Da allora, contrariamente alle aspettative, il dollaro ha continuato a crescere. L’economia post-industriale americana, guidata dalla finanza, ha portato in patria a gravi sofferenze economiche per la classe operaia e media, ma, allo stesso tempo, ha fornito agli oligarchi di tutto mondo un allettante incentivo ad “arricchirsi velocemente”. Gli stranieri possiedono oggi il 40% delle azioni degli Stati Uniti, il che rende l’acquiescenza ai capricci politici e imperiali di Washington e New York un prezzo che molti sono disposti a pagare.

Per i governi e le élite straniere, avversi al rischio, è anche redditizio e sicuro acquistare il debito americano. Quando un debitore possiede la macchina che può stampare il denaro che gli è dovuto, è una scommessa sicura presumere che i creditori saranno ripagati, con gli interessi.
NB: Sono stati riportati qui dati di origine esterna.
lemma ratio_payoff_deriv:
  fixes k :: nat and c t :: real
  defines "z \<equiv> c - real (Suc k) * pronic t"
  assumes "1 + z \<noteq> 0"
  shows "((\<lambda>x. (c - real (Suc k) * pronic x) / (1 + (c - real (Suc k) * pronic x)) * pronic x ^ Suc k)
      has_real_derivative
      real (Suc k) * (1 + 2 * t) * pronic t ^ k / (1 + z)\<^sup>2 * (z * (1 + z) - pronic t)) (at t)"
proof -
  have ratio: "((\<lambda>x. (c - real (Suc k) * pronic x) / (1 + (c - real (Suc k) * pronic x)))
      has_real_derivative - (real (Suc k) * (1 + 2 * t)) / (1 + z)\<^sup>2) (at t)"
    using assms(2) unfolding z_def
    by (auto intro!: derivative_eq_intros has_real_derivative_pronic simp: field_simps power2_eq_square)
  have power: "((\<lambda>x. pronic x ^ Suc k) has_real_derivative real (Suc k) * pronic t ^ k * (1 + 2 * t)) (at t)"
    using DERIV_power[OF has_real_derivative_pronic[of t], where n="Suc k"] by (simp add: ac_simps)
  have "- (real (Suc k) * (1 + 2 * t)) / (1 + z)\<^sup>2 * (p * q)
      + real (Suc k) * q * (1 + 2 * t) * (z / (1 + z))
      = real (Suc k) * (1 + 2 * t) * q / (1 + z)\<^sup>2 * (z * (1 + z) - p)" for p q
    using assms(2) by (simp add: divide_simps) algebra
  from this[of "pronic t" "pronic t ^ k"]
  have "- (real (Suc k) * (1 + 2 * t)) / (1 + z)\<^sup>2 * pronic t ^ Suc k
      + real (Suc k) * pronic t ^ k * (1 + 2 * t) * (z / (1 + z))
      = real (Suc k) * (1 + 2 * t) * pronic t ^ k / (1 + z)\<^sup>2 * (z * (1 + z) - pronic t)"
    by (simp add: ac_simps)
  with DERIV_mult[OF ratio power] show ?thesis
    unfolding z_def[symmetric] by simp
qed

lemma ratio_payoff_max:
  fixes m :: nat and y s :: real
  assumes "1 \<le> m" "0 \<le> y" "0 \<le> s"
    and "0 \<le> y + real m * pronic y - real m * pronic s"
  shows "(y + real m * pronic y - real m * pronic s) / (1 + (y + real m * pronic y - real m * pronic s))
      * pronic s ^ m \<le> y / (1 + y) * pronic y ^ m"
proof -
  obtain k where m: "m = Suc k" using assms(1) by (cases m) auto
  define c where "c = y + real m * pronic y"
  define Z where "Z t = c - real m * pronic t" for t
  define \<Phi> where "\<Phi> t = Z t / (1 + Z t) * pronic t ^ m" for t
  define \<Phi>' where
    "\<Phi>' t = real m * (1 + 2 * t) * pronic t ^ k / (1 + Z t)\<^sup>2 * (Z t * (1 + Z t) - pronic t)" for t
  define b where "b = max s y"
  have "0 \<le> Z b"
    using assms(2,4) unfolding b_def Z_def c_def by (cases "s \<le> y") (auto simp: max_def)
  then have Z_nonneg: "0 \<le> Z t" if "0 \<le> t" "t \<le> b" for t
    using pronic_le_iff[of t b] that unfolding Z_def by (smt (verit) mult_left_mono of_nat_0_le_iff)
  have deriv: "(\<Phi> has_real_derivative \<Phi>' t) (at t)" if "0 \<le> t" "t \<le> b" for t
    using ratio_payoff_deriv[of c k t] Z_nonneg[OF that]
    unfolding \<Phi>_def[abs_def] \<Phi>'_def Z_def m by simp
  define P where
    "P t = real m * (1 + 2 * t) * pronic t ^ k / (1 + Z t)\<^sup>2 * ((1 + real m * (1 + y + t)) * (1 + Z t + t))"
    for t
  \<comment> \<open>\<open>\<Phi>'\<close> has the sign of \<open>y - t\<close>, so \<open>\<Phi>\<close> is maximal at the truthful surplus \<open>y\<close>.\<close>
  have "Z t * (1 + Z t) - pronic t = (y - t) * ((1 + real m * (1 + y + t)) * (1 + Z t + t))" for t
    unfolding Z_def c_def pronic_def by algebra
  then have \<Phi>'_factor: "\<Phi>' t = (y - t) * P t" for t
    unfolding \<Phi>'_def P_def by simp
  have P_nonneg: "0 \<le> P t" if "0 \<le> t" "t \<le> b" for t
    unfolding P_def using Z_nonneg[OF that] pronic_nonneg[OF that(1)] that assms(2) by simp
  have "\<Phi> s \<le> \<Phi> y"
  proof (rule DERIV_max_at_sign_change[where f = \<Phi> and f' = \<Phi>' and a = 0 and b = b and s = s and y = y])
    show "continuous_on {0..b} \<Phi>"
      using deriv by (intro continuous_at_imp_continuous_on ballI DERIV_isCont) auto
    show "(\<Phi> has_real_derivative \<Phi>' t) (at t)" if "0 < t" "t < b" for t
      using deriv that by simp
    show "0 \<le> \<Phi>' t" if "0 < t" "t < y" for t
      unfolding \<Phi>'_factor using P_nonneg[of t] that by (simp add: b_def)
    show "\<Phi>' t \<le> 0" if "y < t" "t < b" for t
      unfolding \<Phi>'_factor using P_nonneg[of t] that assms(2)
      by (simp add: mult_nonpos_nonneg)
  qed (use assms in \<open>auto simp: b_def\<close>)
  then show ?thesis
    unfolding \<Phi>_def Z_def c_def by simp
qed

text \<open>The inverse on \<open>[0,\<infinity>)\<close> of \<open>t \<mapsto> t + M * pronic t\<close>: in the second model a bidder with
  value \<open>v\<close> keeps the surplus \<open>t = surplus M v\<close> and bids \<open>M * pronic t\<close>.\<close>
definition surplus :: "real \<Rightarrow> real \<Rightarrow> real" where
  "surplus M v = (sqrt ((M + 1)\<^sup>2 + 4 * M * v) - (M + 1)) / (2 * M)"

lemma surplus_nonneg:
  assumes "0 < M" "0 \<le> v"
  shows "0 \<le> surplus M v"
proof -
  have "sqrt ((M + 1)\<^sup>2) \<le> sqrt ((M + 1)\<^sup>2 + 4 * M * v)"
    using assms by (intro real_sqrt_le_mono) simp
  then show ?thesis using assms unfolding surplus_def by simp
qed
Nel caso della Cina, mantenere il dollaro USA forte e svalutare lo yuan acquistando il debito di Washington è tradizionalmente vantaggioso per tutti, in quanto mantiene alta la domanda di beni cinesi da parte dei consumatori americani.

Con l’aumento dell’aggressività e della misantropia delle forze plutocratiche di Washington, molte nazioni stanno iniziando a rivedere la loro alleanza con l’Impero Americano. La politicizzazione e l’uso come arma del dollaro statunitense e del potere americano sulle istituzioni finanziarie, come si è visto negli ultimi anni con i regimi di sanzioni totali e il congelamento dei beni nei confronti di Paesi come l’Iran e la Russia, sta portando molti a mettere in discussione il loro rapporto con l’economia statunitense.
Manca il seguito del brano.